—¿No lo es, acaso?
—No.
—¡Pero hombre de Dios!... ¡Si ha sido la admiración del tribunal entero!
—¡Váyase al diablo el tribunal con su admiración! ¿Quién ha hecho al Old Bailey juez de la belleza? ¡Linda!... ¡Una muñeca de pelo de oro!...
—¿Sabes, Carton—preguntó Stryver, clavando en su amigo una mirada penetrante y pasando la diestra por su roja cara,—que voy creyendo que has simpatizado demasiado con esa muñeca de pelo de oro, y que tu interés advirtió muy pronto lo que a la tal muñeca de pelo de oro ocurría?
—¡Que lo advertí demasiado pronto! Me parece que si una niña, muñeca o no, se desmaya a dos varas de las narices de cualquier cristiano, puede advertirlo sin mirar con telescopio. El tema de la conversación no me desagrada, pero niego lo de la hermosura... ¡No bebo más!... ¡Me voy a la cama!

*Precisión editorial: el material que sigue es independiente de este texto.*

lemma label_weighted_affine_score:
  assumes "marg_Y PXY (-1) = marg_Y PXY 1"
  shows "(\<Sum>x\<in>UNIV. (PXY x 1 - PXY x (-1)) * (inner w (\<nu> x) + b)) = inner w (label_mean PXY \<nu>)"
proof -
  have "(\<Sum>x\<in>UNIV. PXY x 1 - PXY x (-1)) = 0"
    using assms by (simp add: marg_Y_def sum_subtractf)
  then have "(\<Sum>x\<in>UNIV. (PXY x 1 - PXY x (-1)) * (inner w (\<nu> x) + b))
      = (\<Sum>x\<in>UNIV. (PXY x 1 - PXY x (-1)) * inner w (\<nu> x))"
    by (simp add: distrib_left sum.distrib flip: sum_distrib_right)
  then show ?thesis
    unfolding label_mean_def by (simp add: inner_sum_right)
qed

lemma inner_le_Young:
  fixes w m :: "'v::real_inner"
  assumes "lam > 0"
  shows "inner w m \<le> lam / 2 * (norm w)\<^sup>2 + (norm m)\<^sup>2 / (2 * lam)"
proof -
  have "0 \<le> (norm (lam *\<^sub>R w - m))\<^sup>2"
    by simp
  also have "\<dots> = lam\<^sup>2 * (norm w)\<^sup>2 - 2 * lam * inner w m + (norm m)\<^sup>2"
    unfolding power2_norm_eq_inner
    by (simp add: inner_diff_left inner_diff_right inner_commute power2_eq_square algebra_simps)
  finally show ?thesis
    using assms by (simp add: field_simps power2_eq_square)
qed

lemma svm_obj_lower_bound:
  assumes "is_joint_pmf PXY" "marg_Y PXY (-1) = marg_Y PXY 1" "lam > 0"
  shows "1 - (norm (label_mean PXY \<nu>))\<^sup>2 / (2 * lam) \<le> svm_obj PXY \<nu> lam w b"
proof -
  have "1 - inner w (label_mean PXY \<nu>)
      \<le> expXY PXY (\<lambda>x y. max 0 (1 - y * (inner w (\<nu> x) + b)))"
    using expXY_hinge_ge_linear[OF assms(1), of "\<lambda>x. inner w (\<nu> x) + b"]
    by (simp add: expXY_one_minus_label_score[OF assms(1)] label_weighted_affine_score[OF assms(2)])
  then show ?thesis
    using inner_le_Young[OF assms(3), of w "label_mean PXY \<nu>"]
    unfolding svm_obj_def by linarith
qed

lemma scaled_affine_score:
  fixes m v :: "'v::real_inner"
  shows "inner ((1 / lam) *\<^sub>R m) v + - c / lam = (inner m v - c) / lam"
  by (simp add: diff_divide_distrib)

lemma svm_obj_at_scaled_label_mean:
  assumes "is_joint_pmf PXY" "marg_Y PXY (-1) = marg_Y PXY 1" "lam > 0"
    and "\<And>x. \<bar>inner (label_mean PXY \<nu>) (\<nu> x) - c\<bar> \<le> lam"
  shows "svm_obj PXY \<nu> lam ((1 / lam) *\<^sub>R label_mean PXY \<nu>) (- c / lam)
       = 1 - (norm (label_mean PXY \<nu>))\<^sup>2 / (2 * lam)"
proof -
  let ?m = "label_mean PXY \<nu>"
  define s where "s x = inner ((1 / lam) *\<^sub>R ?m) (\<nu> x) + - c / lam" for x
  have "s x = (inner ?m (\<nu> x) - c) / lam" for x
    unfolding s_def by (rule scaled_affine_score)
  then have "\<bar>s x\<bar> \<le> 1" for x
    using assms(3) assms(4)[of x] by (simp add: abs_divide divide_le_eq_1)
  then have "expXY PXY (\<lambda>x y. max 0 (1 - y * s x)) = 1 - (norm ?m)\<^sup>2 / lam"
    using expXY_one_minus_label_score[OF assms(1), of s]
      label_weighted_affine_score[OF assms(2), of "(1 / lam) *\<^sub>R ?m" \<nu> "- c / lam"]
    by (simp add: expXY_hinge_eq_linear s_def power2_norm_eq_inner)
  moreover have "lam / 2 * (norm ((1 / lam) *\<^sub>R ?m))\<^sup>2 = (norm ?m)\<^sup>2 / (2 * lam)"
    using assms(3) by (simp add: power2_eq_square)
  ultimately show ?thesis
    unfolding svm_obj_def s_def by simp
qed

lemma svm_minimizer_scaled_label_mean:
  assumes "is_joint_pmf PXY" "marg_Y PXY (-1) = marg_Y PXY 1" "lam > 0"
    and "\<And>x. \<bar>inner (label_mean PXY \<nu>) (\<nu> x) - c\<bar> \<le> lam"
  shows "svm_minimizer PXY \<nu> lam ((1 / lam) *\<^sub>R label_mean PXY \<nu>) (- c / lam)"
  unfolding svm_minimizer_def svm_obj_at_scaled_label_mean[OF assms]
  using svm_obj_lower_bound[OF assms(1-3)] by blast

lemma svm_sign_for_large_lambda:
  assumes "is_joint_pmf PXY" "marg_Y PXY (-1) = marg_Y PXY 1"
  shows "\<exists>lamT > 0. \<forall>lam \<ge> lamT. \<exists>w b. svm_minimizer PXY \<nu> lam w b \<and>
           (\<forall>x. sgn (inner w (\<nu> x) + b) = sgn (inner (label_mean PXY \<nu>) (\<nu> x) - c))"
proof -
  let ?m = "label_mean PXY \<nu>"
  define lamT where "lamT = 1 + (\<Sum>x\<in>UNIV. \<bar>inner ?m (\<nu> x) - c\<bar>)"
  have "lamT > 0"
    by (simp add: lamT_def add_pos_nonneg sum_nonneg)
  moreover have "svm_minimizer PXY \<nu> lam ((1 / lam) *\<^sub>R ?m) (- c / lam) \<and>
      (\<forall>x. sgn (inner ((1 / lam) *\<^sub>R ?m) (\<nu> x) + - c / lam) = sgn (inner ?m (\<nu> x) - c))"
    if "lam \<ge> lamT" for lam
  proof
    have "lam > 0"
      using \<open>lamT > 0\<close> that by simp
    have "\<bar>inner ?m (\<nu> x) - c\<bar> \<le> lam" for x
      using member_le_sum[of x UNIV "\<lambda>x. \<bar>inner ?m (\<nu> x) - c\<bar>"] that by (simp add: lamT_def)
    then show "svm_minimizer PXY \<nu> lam ((1 / lam) *\<^sub>R ?m) (- c / lam)"
      by (rule svm_minimizer_scaled_label_mean[OF assms \<open>lam > 0\<close>])
    show "\<forall>x. sgn (inner ((1 / lam) *\<^sub>R ?m) (\<nu> x) + - c / lam) = sgn (inner ?m (\<nu> x) - c)"
      unfolding scaled_affine_score using \<open>lam > 0\<close> by (simp add: sgn_divide)
  qed
  ultimately show ?thesis
    by blast
qed

lemma centered_kern_eq:
  "centered_kern PXY \<nu> x' x = kern \<nu> x' x - kbar PXY \<nu> x' + (expX PXY (kbar PXY \<nu>) - kbar PXY \<nu> x)"
  by (simp add: centered_kern_def)

lemma tau_of_mean_zero:
  assumes "expX PXY g = 0"
  shows "tau PXY \<nu> g x
       = expX PXY (\<lambda>x'. kern \<nu> x' x * g x') - expX PXY (\<lambda>x'. kbar PXY \<nu> x' * g x')"
proof -
  define d where "d = expX PXY (kbar PXY \<nu>) - kbar PXY \<nu> x"
  have "tau PXY \<nu> g x = expX PXY (\<lambda>x'. (kern \<nu> x' x - kbar PXY \<nu> x' + d) * g x')"
    by (simp add: tau_def centered_kern_eq d_def)
  also have "\<dots> = expX PXY (\<lambda>x'. kern \<nu> x' x * g x') - expX PXY (\<lambda>x'. kbar PXY \<nu> x' * g x')
      + d * expX PXY g"
    unfolding expX_def by (simp add: algebra_simps sum.distrib sum_subtractf sum_distrib_left)
  finally show ?thesis
    using assms by simp
qed

lemma expX_centered_kern:
  assumes "is_joint_pmf PXY"
  shows "expX PXY (\<lambda>x'. centered_kern PXY \<nu> x' x) = 0"
proof -
  define d where "d = expX PXY (kbar PXY \<nu>) - kbar PXY \<nu> x"
  have "expX PXY (\<lambda>x'. centered_kern PXY \<nu> x' x) = expX PXY (\<lambda>x'. kern \<nu> x' x - kbar PXY \<nu> x' + d)"
    by (simp add: centered_kern_eq d_def)
  also have "\<dots> = expX PXY (\<lambda>x'. kern \<nu> x' x) - expX PXY (kbar PXY \<nu>)
      + d * (\<Sum>x'\<in>UNIV. marg_X PXY x')"
    unfolding expX_def
    by (simp add: algebra_simps sum.distrib sum_subtractf sum_distrib_left)
  finally show ?thesis
    by (simp add: sum_marg_X[OF assms] d_def kbar_def)
qed

definition modal_decomposition :: "('x::finite \<Rightarrow> real \<Rightarrow> real) \<Rightarrow> real \<Rightarrow> ('x \<Rightarrow> real) \<Rightarrow> bool" where
  "modal_decomposition PXY \<rho> f \<longleftrightarrow>
     (\<forall>x. \<forall>y\<in>labels. PXY x y = marg_X PXY x * marg_Y PXY y * (1 + \<rho> * f x * y))"

lemma label_difference_decomposed:
  assumes "modal_decomposition PXY \<rho> f" "marg_Y PXY (-1) = 1/2" "marg_Y PXY 1 = 1/2"
  shows "PXY x 1 - PXY x (-1) = \<rho> * marg_X PXY x * f x"
proof -
  have "PXY x 1 = marg_X PXY x * marg_Y PXY 1 * (1 + \<rho> * f x * 1)"
    and "PXY x (-1) = marg_X PXY x * marg_Y PXY (-1) * (1 + \<rho> * f x * -1)"
    using assms(1) unfolding modal_decomposition_def labels_def by blast+
  then show ?thesis
    using assms(2,3) by (simp add: algebra_simps)
qed

lemma inner_label_mean_decomposed:
  assumes "modal_decomposition PXY \<rho> f" "marg_Y PXY (-1) = 1/2" "marg_Y PXY 1 = 1/2"
    and "expX PXY f = 0"
  shows "inner (label_mean PXY \<nu>) (\<nu> x)
       = \<rho> * (tau PXY \<nu> f x + expX PXY (\<lambda>x'. kbar PXY \<nu> x' * f x'))"
proof -
  have "inner (label_mean PXY \<nu>) (\<nu> x) = \<rho> * expX PXY (\<lambda>x'. kern \<nu> x' x * f x')"
    unfolding label_mean_def expX_def
    by (simp add: label_difference_decomposed[OF assms(1-3)] inner_sum_left kern_def
        sum_distrib_left algebra_simps)
  then show ?thesis
    by (simp add: tau_of_mean_zero[OF assms(4)])
qed

lemma cond_exp_given_Y_decomposed:
  assumes "modal_decomposition PXY \<rho> f" "y \<in> labels" "marg_Y PXY y \<noteq> 0"
  shows "cond_exp_given_Y PXY h y = expX PXY h + \<rho> * y * expX PXY (\<lambda>x. f x * h x)"
proof -
  have "PXY x y / marg_Y PXY y = marg_X PXY x * (1 + \<rho> * f x * y)" for x
    using assms by (simp add: modal_decomposition_def)
  then show ?thesis
    unfolding cond_exp_given_Y_def expX_def by (simp add: algebra_simps sum.distrib sum_distrib_left)
qed

lemma kernel_posterior_decomposed:
  assumes "is_joint_pmf PXY" "modal_decomposition PXY \<rho> f" "y \<in> labels" "marg_Y PXY y \<noteq> 0"
  shows "kernel_posterior PXY \<nu> y x = marg_Y PXY y * (1 + \<rho> * y * tau PXY \<nu> f x)"
  unfolding kernel_posterior_def cond_exp_given_Y_decomposed[OF assms(2-4)] tau_def
  by (simp add: expX_centered_kern[OF assms(1)] mult.commute)

lemma kernel_pred_decomposed:
  assumes "is_joint_pmf PXY" "modal_decomposition PXY \<rho> f"
    and "marg_Y PXY (-1) = marg_Y PXY 1" "marg_Y PXY 1 > 0" "\<rho> > 0"
  shows "kernel_pred PXY \<nu> x = sgn (tau PXY \<nu> f x)"
proof -
  have "kernel_posterior PXY \<nu> y x = marg_Y PXY 1 * (1 + \<rho> * y * tau PXY \<nu> f x)"
    if "y \<in> labels" for y
    using kernel_posterior_decomposed[OF assms(1,2) that] that assms(3,4)
    by (auto simp: labels_def)
  then show ?thesis
    unfolding kernel_pred_def using assms(4,5)
    by (simp add: labels_def sgn_if mult_less_cancel_left_pos zero_less_mult_iff mult_less_0_iff)
qed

Cuando el dueño de la casa acompañó a Carton hasta el descansillo, para hacerle luz con la vela que llevaba en la mano mientras bajaba la escalera, comenzaban a filtrarse los resplandores inciertos del nuevo día por los empañados cristales. Llegado a la calle, vióse el chacal respirando una atmósfera fría y triste, bajo un cielo cubierto de nubes, bordeando un río de aguas negruzcas y en parajes que parecían el desierto de la vida. Torbellinos de polvo huían girando vertiginosos ante el soplo de la mañana, cual si lejos, muy lejos, hubieran emprendido el vuelo las arenas del desierto y sus primeras nubes amenazaran envolver la ciudad.

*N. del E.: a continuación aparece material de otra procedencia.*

section \<open>Size of the unital\<close>

lemma card_roots_power_le:
  fixes c :: "'a::field"
  shows "card {z. z ^ (q + 1) = c} \<le> q + 1"
proof -
  define p where "p = monom (1::'a) (q + 1) + [:- c:]"
  have "degree p = q + 1" unfolding p_def
    by (subst degree_add_eq_left) (auto simp: degree_monom_eq)
  then have "p \<noteq> 0" by auto
  have "{z. z ^ (q + 1) = c} = {z. poly p z = 0}" by (auto simp: p_def poly_monom)
  with card_poly_roots_bound[OF \<open>p \<noteq> 0\<close>] \<open>degree p = q + 1\<close> show ?thesis by simp
qed

lemma card_herm_zeros_le:
  "card {v :: ('a::{field,finite}) vec3. herm q v = 0} \<le> card (UNIV :: 'a set) ^ 2 * (q + 1)"
proof -
  define R where "R xy = {z. z ^ (q + 1) = - (fst xy ^ (q + 1) + snd xy ^ (q + 1))}" for xy :: "'a \<times> 'a"
  have "{v :: 'a vec3. herm q v = 0} \<subseteq> (\<lambda>(xy, z). (fst xy, snd xy, z)) ` (SIGMA xy:UNIV. R xy)"
  proof
    fix v :: "'a vec3" assume "v \<in> {v. herm q v = 0}"
    then obtain x y z where "v = (x, y, z)" "z ^ (q + 1) = - (x ^ (q + 1) + y ^ (q + 1))"
      by (cases v) (auto simp: herm_def eq_neg_iff_add_eq_0 algebra_simps)
    then show "v \<in> (\<lambda>(xy, z). (fst xy, snd xy, z)) ` (SIGMA xy:UNIV. R xy)"
      by (auto simp: R_def intro!: image_eqI[of _ _ "((x, y), z)"])
  qed
  then have "card {v :: 'a vec3. herm q v = 0} \<le> card (SIGMA xy:UNIV. R xy)"
    by (meson card_image_le card_mono finite order_trans)
  also have "\<dots> = (\<Sum>xy\<in>UNIV. card (R xy))" by simp
  also have "\<dots> \<le> (\<Sum>xy\<in>(UNIV::('a \<times> 'a) set). q + 1)"
    unfolding R_def by (intro sum_mono card_roots_power_le)
  also have "\<dots> = card (UNIV :: ('a \<times> 'a) set) * (q + 1)" by simp
  also have "card (UNIV :: ('a \<times> 'a) set) = card (UNIV :: 'a set) ^ 2"
    by (metis UNIV_Times_UNIV card_cartesian_product power2_eq_square)
  finally show ?thesis .
qed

Falto de estímulos internos que avivasen sus energías, y puesto en el centro de un páramo sin fin, aquel hombre quedó erguido durante algunos minutos y vió, allá en las lejanías de la estepa desolada y triste que se extendía ante sus miradas, espejismos de ambición noble, reflejos de abnegación y de perseverancia. En la ciudad encantada que surgió ante sus ojos había elevadas galerías desde donde amorcillos y gracias le miraban sonrientes, bellos jardines donde maduraban los dulces frutos de la vida y aguas de esperanza que saltaban rumorosas. La visión se borró con tanta rapidez como había surgido. Poco más tarde subía la empinada escalera de su triste cuarto y caía sobre las revueltas ropas de su cama.
Su almohada estaba empapada en lágrimas cuando se alzó un sol enfermizo, triste, melancólico, aunque no tanto como aquel hombre de talento indiscutible, de grandes dotes, y sin embargo, incapaz de sentir dulces emociones, incapaz de dirigirse por los senderos de la vida, incapaz de proporcionarse bienestar, incapaz de saborear una gota de felicidad, sensible sólo a la eterna noche en que se debatía y resignado a no salir nunca de ella.